1.) Always wipe front to back
2.) Never leave the house looking a mess
3.) Love is not that Cinderella bullshit Disney be pushing on us.

ha! hang that shit up on the fridge lol

@ dearly beloved- thanks mama! and thanks for lettin me know who u were cuz i coulndt figure it out for nothing, i was tryina find ur blog n shit lol

@ amber- "u cant find it, u cant control it, u cant force it" AMEN!!

@vexed- awwww im glad it helped u. how bout u copy and paste into a word doc n then print it out? then u can have it for future reference :)

PrincessLola said...

Great blog!

I agree that u cant work on love. What takes work is a relationship. That shit doesnt just roll along. Thats why there's divorce because people give up. A relationship does take work but love is just...it just IS.

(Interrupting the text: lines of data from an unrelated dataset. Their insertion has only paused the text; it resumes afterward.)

(* Let $p, \sigma \in \mathbb{R}$. The equation \[ -u''(x) = x^\sigma u(x)^p \quad \text{in } (0,+\infty) \] admits at least one non-trivial, non-negative solution $u \in C^2(0,+\infty)$ if and only if one of the following holds: (1) $\sigma < -2$ and $p > -1-\sigma$; or (2) $\sigma > -2$ and $p < -1-\sigma$.
   Context: Solutions are only required to be $C^2$ on the open half-line $(0,+\infty)$ and to satisfy the equation pointwise there; no continuity at $0$ is assumed. For $p=0$ the term $u^p$ is understood as $1$, and for $p<0$ it is required that $u>0$ on $(0,+\infty)$. *)

theory Defs
  imports "HOL-Analysis.Analysis"
begin

text \<open>Power u^p with the paper's conventions: u^0 = 1; for p \<noteq> 0 the real power
  (only used for u > 0, or u \<ge> 0 when p > 0, where 0 powr p = 0).\<close>
definition upow :: "real \<Rightarrow> real \<Rightarrow> real" where
  "upow u p = (if p = 0 then 1 else u powr p)"

definition C2_on :: "real set \<Rightarrow> (real \<Rightarrow> real) \<Rightarrow> bool" where
  "C2_on S u \<longleftrightarrow> (\<forall>x\<in>S. u differentiable (at x)) \<and>
                   (\<forall>x\<in>S. deriv u differentiable (at x)) \<and>
                   continuous_on S (deriv (deriv u))"

definition is_solution :: "real \<Rightarrow> real \<Rightarrow> (real \<Rightarrow> real) \<Rightarrow> bool" where
  "is_solution p \<sigma> u \<longleftrightarrow>
     C2_on {0<..} u \<and>
     (\<forall>x>0. u x \<ge> 0) \<and>
     (p < 0 \<longrightarrow> (\<forall>x>0. u x > 0)) \<and>
     (\<exists>x>0. u x \<noteq> 0) \<and>
     (\<forall>x>0. - deriv (deriv u) x = x powr \<sigma> * upow (u x) p)"

end

theory Submission
  imports Defs "HOL-Real_Asymp.Real_Asymp"
begin

text \<open>
  A non-negative non-trivial solution is concave, hence positive, increasing and strictly
  concave, with \<open>x u'(x) < u(x)\<close>. If \<open>\<sigma> \<ge> -2\<close> and \<open>p \<ge> -1 - \<sigma>\<close>, one finds a bound
  \<open>u(x)\<^sup>p \<ge> a x\<^sup>q\<close> with \<open>\<sigma> + q \<ge> -1\<close>: from \<open>u(x) \<le> C x\<close> when \<open>p \<le> 0\<close>, from
  monotonicity when \<open>\<sigma> \<ge> -1\<close>, and otherwise from the tail estimate
  \<open>-(\<sigma> + 1) u'(x) \<ge> u(x)\<^sup>p x\<^bsup>\<sigma>+1\<^esup>\<close>, obtained by integrating the equation over \<open>[x, \<infinity>)\<close>.
  Then \<open>-u'' \<ge> a/x\<close>, so \<open>u'\<close> decreases like \<open>-a ln x\<close>, contradicting \<open>u' > 0\<close>; the cases
  with \<open>p \<ge> 1\<close> are excluded by the tail estimate directly. The Kelvin transform \<open>x u(1/x)\<close>
  maps solutions for \<open>(p, \<sigma>)\<close> to solutions for \<open>(p, -3 - \<sigma> - p)\<close> and thereby excludes
  the mirror region \<open>\<sigma> \<le> -2\<close>, \<open>p \<le> -1 - \<sigma>\<close>. Conversely, for admissible exponents
  \<open>c x\<^sup>a\<close> with \<open>a = (\<sigma> + 2) / (1 - p) \<in> (0, 1)\<close> is an explicit solution.
\<close>

lemma upow_eq_powr: "v > 0 \<Longrightarrow> upow v p = v powr p"
  by (simp add: upow_def)

lemma upow_nonneg: "v \<ge> 0 \<Longrightarrow> upow v p \<ge> 0"
  by (simp add: upow_def)

lemma upow_mult: "x > 0 \<Longrightarrow> upow (x * v) p = x powr p * upow v p"
  by (simp add: upow_def powr_mult)

lemma filterlim_at_top_if_deriv_ge_inverse:
  fixes f f' :: "real \<Rightarrow> real"
  assumes "c > 0" "x\<^sub>0 > 0"
    and f': "\<And>x. x \<ge> x\<^sub>0 \<Longrightarrow> (f has_real_derivative f' x) (at x)"
    and ge: "\<And>x. x \<ge> x\<^sub>0 \<Longrightarrow> c / x \<le> f' x"
  shows "filterlim f at_top at_top"
proof -
  have log_growth: "f x\<^sub>0 + c * (ln x - ln x\<^sub>0) \<le> f x" if "x \<ge> x\<^sub>0" for x
  proof -
    have "f x\<^sub>0 - c * ln x\<^sub>0 \<le> f x - c * ln x"
    proof (rule DERIV_nonneg_imp_nondecreasing[OF that])
      fix t assume "x\<^sub>0 \<le> t" "t \<le> x"
      with assms show "\<exists>y. ((\<lambda>t. f t - c * ln t) has_real_derivative y) (at t) \<and> 0 \<le> y"
        by (intro exI[of _ "f' t - c * (1 / t)"]) (auto intro!: derivative_eq_intros f')
    qed
    then show ?thesis
      by (simp add: algebra_simps)
  qed
  have "filterlim (\<lambda>x. f x\<^sub>0 + c * (ln x - ln x\<^sub>0)) at_top at_top"
    using \<open>c > 0\<close> by real_asymp
  moreover have "eventually (\<lambda>x. f x\<^sub>0 + c * (ln x - ln x\<^sub>0) \<le> f x) at_top"
    using eventually_ge_at_top[of x\<^sub>0] by eventually_elim (rule log_growth)
  ultimately show ?thesis
    by (rule filterlim_at_top_mono)
qed

locale nonneg_concave =
  fixes u u' u'' :: "real \<Rightarrow> real"
  assumes has_deriv: "\<And>x. x > 0 \<Longrightarrow> (u has_real_derivative u' x) (at x)"
    and has_deriv2: "\<And>x. x > 0 \<Longrightarrow> (u' has_real_derivative u'' x) (at x)"
    and second_deriv_nonpos: "\<And>x. x > 0 \<Longrightarrow> u'' x \<le> 0"
    and nonneg: "\<And>x. x > 0 \<Longrightarrow> u x \<ge> 0"
    and nontrivial: "\<exists>x>0. u x \<noteq> 0"
begin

I now realize that in all my years, I've only been in love once. I thought I was in love @ least 3 times before. I was wrong. I'm in love now and have been with the same man for least 7 years now. He calls me his best friend and he is mine. That's all we call each other. Who knows where it's gonna go (although I have pictured him in a tux @ my very elaborate wedding.lmao)and im not pushing. I dont blow my friends off for him and he wouldnt want me to. Thats not love...thats wack.

I digress. I think everyones aim is to be in love. What else are we all workin hard, goin out, etc. for?? We just get sidetracked by all the otha bullshit that life hands us. Sometimes life just gets in the way.lol I agree wholeheartedy that love will find you when you are ready. No such thing as a fairytale romance....

Smooches luv ya bitch :-)

Anonymous said...

hella yah ur ass needs to be a writer!

Nicole said...

I love how you can be silly,and random, and then pull a post like this out of your ass.
LOL.
I sort of knew all this stuff,but every now and then we need re-assuring.
Loving the blog,and I love your sexy blog too.